# Stacy Lewis Wins Player of the Year !!!!



## tonyj5 (Nov 23, 2011)

*Stacy Lewis Wins Player of the Year *

Congratulations goes out to Stacy Lewis for winning the 2012 Rolex Player of the Year Award. Stacy is the first American player to win this award since Beth Daniel in 2004. After winning the Mizuno Classic last week, Stacy followed that up with a fourth place finish this week to clinch the title. She will go into next week's final event with a 53 point lead over Inbee Park. A first place finish is worth 30 points. Stacy finished 4 strokes behind Cristie Kerr.

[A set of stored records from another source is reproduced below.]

(* Consider binary-payoff, perfect-news collective choice problems (as in the context) with a fixed number $n$ of voters, each described by $(P_W,v)$ with $v=(v_w,v_\ell)$. (a) If two such problems have the same $P_W$ and payoffs $v,v'$ with $v_\ell/v_w\ge v'_\ell/v'_w$, then $(P_W,v)\succeq_{AC}(P_W,v')$. (b) If two such problems have the same payoffs $v$ and winner distributions $P_W,P'_W$ with $P_W\succeq_{LR}P'_W$, then $(P'_W,v)\succeq_{AC}(P_W,v)$.
   Context: Setting: $n\ge3$ odd, $\tau=(n-1)/2$, voters $1,\dots,n$ vote for $p^*$ or $p_*$, a policy wins iff it gets more than $\tau$ votes. A state $\omega$ specifies each voter's payoff difference $V_i^d$ between $p^*$ and $p_*$ and a signal $s_i\in\mathcal S=\{s^0,\dots,s^K\}$ privately observed by $i$ ($\mathcal M=\{s^1,\dots,s^K\}$ informative); $P$ is the probability on states. Standing assumptions: $P$ invariant under permutations of voters; if $s_i=s^0$ then $s_i$ is independent of $(V,S_{-i})$; for $s_i\ne s^0$, $E[V_i^d\mid S=s]>0$ iff $E[V_i^d\mid S_i=s_i]>0$; conditional expectations of $V_i^d$ given non-null events are nonzero; $P(B\ge1)>0$ and $P(G\ge\tau)>0$, where $G$ ($B$) counts voters whose signal $s^k$ is good news, $E[V_i^d\mid S_i=s^k]>0$ (bad news, $<0$). Binary payoffs: $V_i^d\in\{v_w,-v_\ell\}$ with $v_w,v_\ell>0$; $W_i=\{V_i^d>0\}$ (voter $i$ is a winner), $W$ = number of winners, $P_W$ the distribution of $W$ on $\{0,\dots,n\}$; $p^*$ is ex ante optimal: $P(W_i)v_w-(1-P(W_i))v_\ell>0$. Perfect news: $P(W_i\mid S_i=s^k)\in\{0,1\}$ for every informative $s^k$. Then the problem is represented by $(P_W,v)$, and $V^G(\kappa\mid P_W,v)=E[V_i^d\mid G=\kappa,B=0,S_i=s^0]$ depends only on $(P_W,v)$. The polarization ratio is $v_\ell/v_w$. $(P_W,v)\succeq_{AC}(P'_W,v')$ ("more adversely correlated") means: for every $\kappa\in\{1,\dots,\tau\}$, $V^G(\kappa\mid P'_W,v')<0$ implies $V^G(\kappa\mid P_W,v)<0$. $P'_W\succeq_{LR}P_W$ (likelihood-ratio dominance) means $P'_W(w')P_W(w)\ge P'_W(w)P_W(w')$ whenever $w'>w$. *)

theory Defs
  imports "HOL-Probability.Probability"
begin

text \<open>Binary-payoff, perfect-news collective choice problems with n voters, represented
  by (P_W, v) where P_W is the distribution of the number W of winners on {0..n}
  and v = (v_w, v_l).  tau = (n-1)/2.\<close>

definition tau :: "nat \<Rightarrow> nat" where
  "tau n = (n - 1) div 2"

text \<open>Standing assumptions, expressed in terms of (P_W, v):
  P_W is supported on {0..n}; v_w, v_l > 0; p^* is ex ante optimal,
  P(W_i) v_w - (1 - P(W_i)) v_l > 0 with P(W_i) = E[W]/n (exchangeability);
  P(G >= tau) > 0 (which under perfect news forces P(W >= tau) > 0);
  P(B >= 1) > 0 (which forces P(W < n) > 0).\<close>

definition bp_problem :: "nat \<Rightarrow> nat pmf \<Rightarrow> real \<Rightarrow> real \<Rightarrow> bool" where
  "bp_problem n PW vw vl \<longleftrightarrow>
     set_pmf PW \<subseteq> {..n} \<and> 0 < vw \<and> 0 < vl \<and>
     (measure_pmf.expectation PW real / real n) * vw
       - (1 - measure_pmf.expectation PW real / real n) * vl > 0 \<and>
     measure_pmf.prob PW {tau n..} > 0 \<and>
     measure_pmf.prob PW {..<n} > 0"

text \<open>V^G(kappa | P_W, v) = E[V_i^d | G = kappa, B = 0, S_i = s^0].
  Null signals are independent of everything (probability q each), and under
  perfect news informed voters reveal their winner status. Conditional on W = w,
  the event {S_i = s^0, G = kappa, B = 0} together with W_i has probability
  (w/n) C(w-1,kappa) q^(n-kappa) (1-q)^kappa (voter i a winner) and
  ((n-w)/n) C(w,kappa) q^(n-kappa) (1-q)^kappa (voter i a loser); the common
  factor cancels in the conditional expectation, giving the formula below.\<close>

definition VG :: "nat \<Rightarrow> nat pmf \<Rightarrow> real \<Rightarrow> real \<Rightarrow> nat \<Rightarrow> real" where
  "VG n PW vw vl \<kappa> =
     (\<Sum>w\<le>n. pmf PW w * (real w * real ((w - 1) choose \<kappa>) * vw
                          - real (n - w) * real (w choose \<kappa>) * vl))
     / (\<Sum>w\<le>n. pmf PW w * (real w * real ((w - 1) choose \<kappa>)
                          + real (n - w) * real (w choose \<kappa>)))"

definition more_adv_corr ::
  "nat \<Rightarrow> nat pmf \<Rightarrow> real \<Rightarrow> real \<Rightarrow> nat pmf \<Rightarrow> real \<Rightarrow> real \<Rightarrow> bool" where
  "more_adv_corr n PW vw vl PW' vw' vl' \<longleftrightarrow>
     (\<forall>\<kappa>\<in>{1..tau n}. VG n PW' vw' vl' \<kappa> < 0 \<longrightarrow> VG n PW vw vl \<kappa> < 0)"

definition lr_dom :: "nat pmf \<Rightarrow> nat pmf \<Rightarrow> bool" where
  "lr_dom P' P \<longleftrightarrow>
     (\<forall>w w'. w' > w \<longrightarrow> pmf P' w' * pmf P w \<ge> pmf P' w * pmf P w')"

end

theory Submission
  imports Defs
begin

text \<open>
  (a) Scaling both payoffs by c scales V^G by c, so the sign of V^G depends only on the
  polarization ratio; and V^G is antitone in the loss v_l.
  (b) For \<kappa> \<ge> 1 the identity w C(w-1,\<kappa>) = (w-\<kappa>) C(w,\<kappa>) makes the sign of V^G the sign of
  the mean of the increasing function h(w) = (w-\<kappa>) v_w - (n-w) v_l under the weights
  P_W(w) C(w,\<kappa>).  Likelihood-ratio dominance survives the common factor C(w,\<kappa>), and it can
  only raise the mean of an increasing function.
\<close>

lemma sum_mult_sum_le_if_ratio_dominates:
  fixes p q h :: "'a::linorder \<Rightarrow> real"
  assumes "finite A"
    and ratio: "\<And>x y. x \<in> A \<Longrightarrow> y \<in> A \<Longrightarrow> x < y \<Longrightarrow> p x * q y \<le> p y * q x"
    and "mono_on A h"
  shows "(\<Sum>x\<in>A. p x) * (\<Sum>x\<in>A. q x * h x) \<le> (\<Sum>x\<in>A. p x * h x) * (\<Sum>x\<in>A. q x)"
proof -
  define D where "D = (\<Sum>x\<in>A. \<Sum>y\<in>A. p x * q y * (h x - h y))"
  have pair_nonneg: "0 \<le> (p x * q y - p y * q x) * (h x - h y)" if "x \<in> A" "y \<in> A" for x y
  proof (cases x y rule: linorder_cases)
    case less
    then show ?thesis using ratio[of x y] mono_onD[OF \<open>mono_on A h\<close>, of x y] that
      by (intro mult_nonpos_nonpos) auto
  next
    case greater
    then show ?thesis using ratio[of y x] mono_onD[OF \<open>mono_on A h\<close>, of y x] that
      by (intro mult_nonneg_nonneg) auto
  qed simp
  have "2 * D = D + (\<Sum>x\<in>A. \<Sum>y\<in>A. p y * q x * (h y - h x))"
    unfolding D_def by (subst sum.swap) simp
  also have "\<dots> = (\<Sum>x\<in>A. \<Sum>y\<in>A. (p x * q y - p y * q x) * (h x - h y))"
    unfolding D_def sum.distrib[symmetric] by (intro sum.cong refl) (simp add: algebra_simps)
  also have "\<dots> \<ge> 0"
    using pair_nonneg by (intro sum_nonneg) auto
  finally have "0 \<le> D" by simp
  have "D = (\<Sum>x\<in>A. \<Sum>y\<in>A. p x * h x * q y) - (\<Sum>x\<in>A. \<Sum>y\<in>A. p x * (q y * h y))"
    unfolding D_def sum_subtractf[symmetric] by (intro sum.cong refl) (simp add: algebra_simps)
  also have "\<dots> = (\<Sum>x\<in>A. p x * h x) * (\<Sum>x\<in>A. q x) - (\<Sum>x\<in>A. p x) * (\<Sum>x\<in>A. q x * h x)"
    by (simp only: sum_product)
  finally show ?thesis using \<open>0 \<le> D\<close> by simp
qed

lemma VG_scale: "VG n P (c * vw) (c * vl) \<kappa> = c * VG n P vw vl \<kappa>"
  unfolding VG_def by (simp add: sum_distrib_left algebra_simps)

lemma VG_antimono_loss:
  assumes "vl' \<le> vl"
  shows "VG n P vw vl \<kappa> \<le> VG n P vw vl' \<kappa>"
  unfolding VG_def
proof (intro divide_right_mono sum_mono sum_nonneg)
  fix w
  have "real (n - w) * real (w choose \<kappa>) * vl' \<le> real (n - w) * real (w choose \<kappa>) * vl"
    using assms by (intro mult_left_mono) auto
  then show "pmf P w * (real w * real ((w - 1) choose \<kappa>) * vw - real (n - w) * real (w choose \<kappa>) * vl)
    \<le> pmf P w * (real w * real ((w - 1) choose \<kappa>) * vw - real (n - w) * real (w choose \<kappa>) * vl')"
    by (intro mult_left_mono) auto
qed auto

lemma VG_neg_iff_ratio:
  assumes "0 < vw"
  shows "VG n P vw vl \<kappa> < 0 \<longleftrightarrow> VG n P 1 (vl / vw) \<kappa> < 0"
proof -
  have "VG n P vw vl \<kappa> = vw * VG n P 1 (vl / vw) \<kappa>"
    using assms VG_scale[of n P vw 1 "vl / vw" \<kappa>] by simp
  then show ?thesis using assms by (simp add: mult_less_0_iff)
qed

lemma more_adv_corr_if_ratio_ge:
  assumes "0 < vw" "0 < vw'" "vl' / vw' \<le> vl / vw"
  shows "more_adv_corr n P vw vl P vw' vl'"
  unfolding more_adv_corr_def
proof (intro ballI impI)
  fix \<kappa> assume "VG n P vw' vl' \<kappa> < 0"
  then have "VG n P 1 (vl' / vw') \<kappa> < 0"
    using VG_neg_iff_ratio[OF assms(2)] by simp
  then have "VG n P 1 (vl / vw) \<kappa> < 0"
    by (rule order.strict_trans1[OF VG_antimono_loss[OF assms(3)]])
  then show "VG n P vw vl \<kappa> < 0"
    using VG_neg_iff_ratio[OF assms(1)] by simp
qed

lemma times_choose_pred:
  assumes "1 \<le> k"
  shows "real w * real ((w - 1) choose k) = (real w - real k) * real (w choose k)"
proof (cases "k \<le> w")
  case True
  have "real ((w - k) * (w choose k)) = real (w * ((w - 1) choose k))"
    by (simp only: binomial_absorb_comp)
  then show ?thesis
    using True by (simp add: of_nat_diff)
next
  case False
  then show ?thesis using assms by (simp add: binomial_eq_0)
qed

lemma VG_eq_weighted_mean:
  assumes "1 \<le> \<kappa>"
  shows "VG n P vw vl \<kappa> =
    (\<Sum>w\<le>n. pmf P w * real (w choose \<kappa>) * ((real w - real \<kappa>) * vw - (real n - real w) * vl))
    / ((real n - real \<kappa>) * (\<Sum>w\<le>n. pmf P w * real (w choose \<kappa>)))"
  unfolding VG_def sum_distrib_left
proof (intro arg_cong2[where f = "(/)"] sum.cong refl)
  fix w assume "w \<in> {..n}"
  then have "real (n - w) = real n - real w" by (simp add: of_nat_diff)
  then show "pmf P w * (real w * real ((w - 1) choose \<kappa>) * vw - real (n - w) * real (w choose \<kappa>) * vl)
    = pmf P w * real (w choose \<kappa>) * ((real w - real \<kappa>) * vw - (real n - real w) * vl)"
    and "pmf P w * (real w * real ((w - 1) choose \<kappa>) + real (n - w) * real (w choose \<kappa>))
    = (real n - real \<kappa>) * (pmf P w * real (w choose \<kappa>))"
    unfolding times_choose_pred[OF assms] by (simp_all add: algebra_simps)
qed

lemma VG_neg_iff_weighted_sum_neg:
  assumes "1 \<le> \<kappa>" "\<kappa> < n"
  shows "VG n P vw vl \<kappa> < 0 \<longleftrightarrow>
    (\<Sum>w\<le>n. pmf P w * real (w choose \<kappa>) * ((real w - real \<kappa>) * vw - (real n - real w) * vl)) < 0
    \<and> 0 < (\<Sum>w\<le>n. pmf P w * real (w choose \<kappa>))"
proof -
  have sign: "S / (d * Q) < 0 \<longleftrightarrow> S < 0 \<and> 0 < Q" if "0 < d" "0 \<le> Q" for S d Q :: real
    using that by (auto simp: divide_less_0_iff zero_less_mult_iff mult_less_0_iff)
  show ?thesis
    unfolding VG_eq_weighted_mean[OF assms(1)]
    by (rule sign) (use assms(2) in \<open>auto intro: sum_nonneg\<close>)
qed

lemma VG_neg_if_lr_dom:
  assumes "lr_dom P P'" "0 < vw" "0 < vl" "1 \<le> \<kappa>" "\<kappa> < n"
    and pos: "0 < (\<Sum>w\<le>n. pmf P' w * real (w choose \<kappa>))"
    and neg: "VG n P vw vl \<kappa> < 0"
  shows "VG n P' vw vl \<kappa> < 0"
proof -
  define q where "q Q w = pmf Q w * real (w choose \<kappa>)" for Q w
  define h where "h w = (real w - real \<kappa>) * vw - (real n - real w) * vl" for w
  have ratio: "q P x * q P' y \<le> q P y * q P' x" if "x < y" for x y
  proof -
    have "pmf P x * pmf P' y \<le> pmf P y * pmf P' x"
      using \<open>lr_dom P P'\<close> that unfolding lr_dom_def by simp
    then have "pmf P x * pmf P' y * (real (x choose \<kappa>) * real (y choose \<kappa>))
        \<le> pmf P y * pmf P' x * (real (x choose \<kappa>) * real (y choose \<kappa>))"
      by (rule mult_right_mono) simp
    then show ?thesis
      unfolding q_def by (simp add: ac_simps)
  qed
  have "mono_on {..n} h"
    unfolding h_def using assms(2,3)
    by (intro mono_onI diff_mono mult_right_mono) auto
  then have "(\<Sum>w\<le>n. q P w) * (\<Sum>w\<le>n. q P' w * h w) \<le> (\<Sum>w\<le>n. q P w * h w) * (\<Sum>w\<le>n. q P' w)"
    using ratio by (intro sum_mult_sum_le_if_ratio_dominates[where p = "q P" and q = "q P'"]) auto
  also have "\<dots> < 0"
    using neg pos unfolding VG_neg_iff_weighted_sum_neg[OF assms(4,5)] q_def h_def
    by (simp add: mult_neg_pos)
  finally have "(\<Sum>w\<le>n. q P w) * (\<Sum>w\<le>n. q P' w * h w) < 0" .
  moreover have "0 \<le> (\<Sum>w\<le>n. q P w)"
    unfolding q_def by (intro sum_nonneg) auto
  ultimately have "(\<Sum>w\<le>n. q P' w * h w) < 0"
    by (auto simp: mult_less_0_iff)
  with pos show ?thesis
    unfolding VG_neg_iff_weighted_sum_neg[OF assms(4,5)] q_def h_def by simp
qed

lemma bp_problem_expected_choose_pos:
  assumes "bp_problem n P vw vl" "\<kappa> \<le> tau n"
  shows "0 < (\<Sum>w\<le>n. pmf P w * real (w choose \<kappa>))"
proof -
  have "measure_pmf.prob P {tau n..} \<noteq> 0" "set_pmf P \<subseteq> {..n}"
    using assms(1) unfolding bp_problem_def by auto
  then obtain w0 where w0: "w0 \<in> set_pmf P" "tau n \<le> w0" "w0 \<le> n"
    unfolding measure_pmf_zero_iff by auto
  have "0 < pmf P w0 * real (w0 choose \<kappa>)"
    using w0 assms(2) by (simp add: pmf_positive)
  then show ?thesis
    using w0(3) by (intro sum_pos2[of "{..n}" w0]) auto
qed

lemma more_adv_corr_if_lr_dom:
  assumes "bp_problem n P' vw vl" "lr_dom P P'"
  shows "more_adv_corr n P' vw vl P vw vl"
  unfolding more_adv_corr_def
proof (intro ballI impI)
  fix \<kappa> assume \<kappa>: "\<kappa> \<in> {1..tau n}" and neg: "VG n P vw vl \<kappa> < 0"
  then have "1 \<le> \<kappa>" "\<kappa> < n"
    unfolding tau_def by auto
  moreover have "0 < vw" "0 < vl"
    using assms(1) unfolding bp_problem_def by auto
  moreover have "0 < (\<Sum>w\<le>n. pmf P' w * real (w choose \<kappa>))"
    using bp_problem_expected_choose_pos[OF assms(1)] \<kappa> by simp
  ultimately show "VG n P' vw vl \<kappa> < 0"
    using VG_neg_if_lr_dom[OF assms(2) _ _ _ _ _ neg] by blast
qed

theorem proposition3:
  fixes n :: nat
  assumes "odd n" and "n \<ge> 3"
  shows "(\<forall>PW vw vl vw' vl'. bp_problem n PW vw vl \<and> bp_problem n PW vw' vl'
            \<and> vl / vw \<ge> vl' / vw'
            \<longrightarrow> more_adv_corr n PW vw vl PW vw' vl')
       \<and> (\<forall>PW PW' vw vl. bp_problem n PW vw vl \<and> bp_problem n PW' vw vl
            \<and> lr_dom PW PW'
            \<longrightarrow> more_adv_corr n PW' vw vl PW vw vl)"
proof (intro conjI allI impI)
  fix PW vw vl vw' vl'
  assume "bp_problem n PW vw vl \<and> bp_problem n PW vw' vl' \<and> vl' / vw' \<le> vl / vw"
  then show "more_adv_corr n PW vw vl PW vw' vl'"
    unfolding bp_problem_def by (blast intro: more_adv_corr_if_ratio_ge)
next
  fix PW PW' vw vl
  assume "bp_problem n PW vw vl \<and> bp_problem n PW' vw vl \<and> lr_dom PW PW'"
  then show "more_adv_corr n PW' vw vl PW vw vl"
    by (blast intro: more_adv_corr_if_lr_dom)
qed

end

The win for Cristie Kerr was her first in almost 2 1/2 years. It was the second consecutive win for an American player. It was also the 8th win by an American player, assuring them of at least a tie for most wins this year. Although shut out the last four weeks, South Korea has also had a fine season with seven wins.

For more on this tournament and other LPGA news:
Mostly Harmless: Stacy Lewis Wins Player of the Year


----------



## tonyj5 (Nov 23, 2011)

kathybhylton said:


> Oh well Stacy deserves it!


Yes she does. She not only won four times, but had 12 top 5 finishes, and 16 top tens.


----------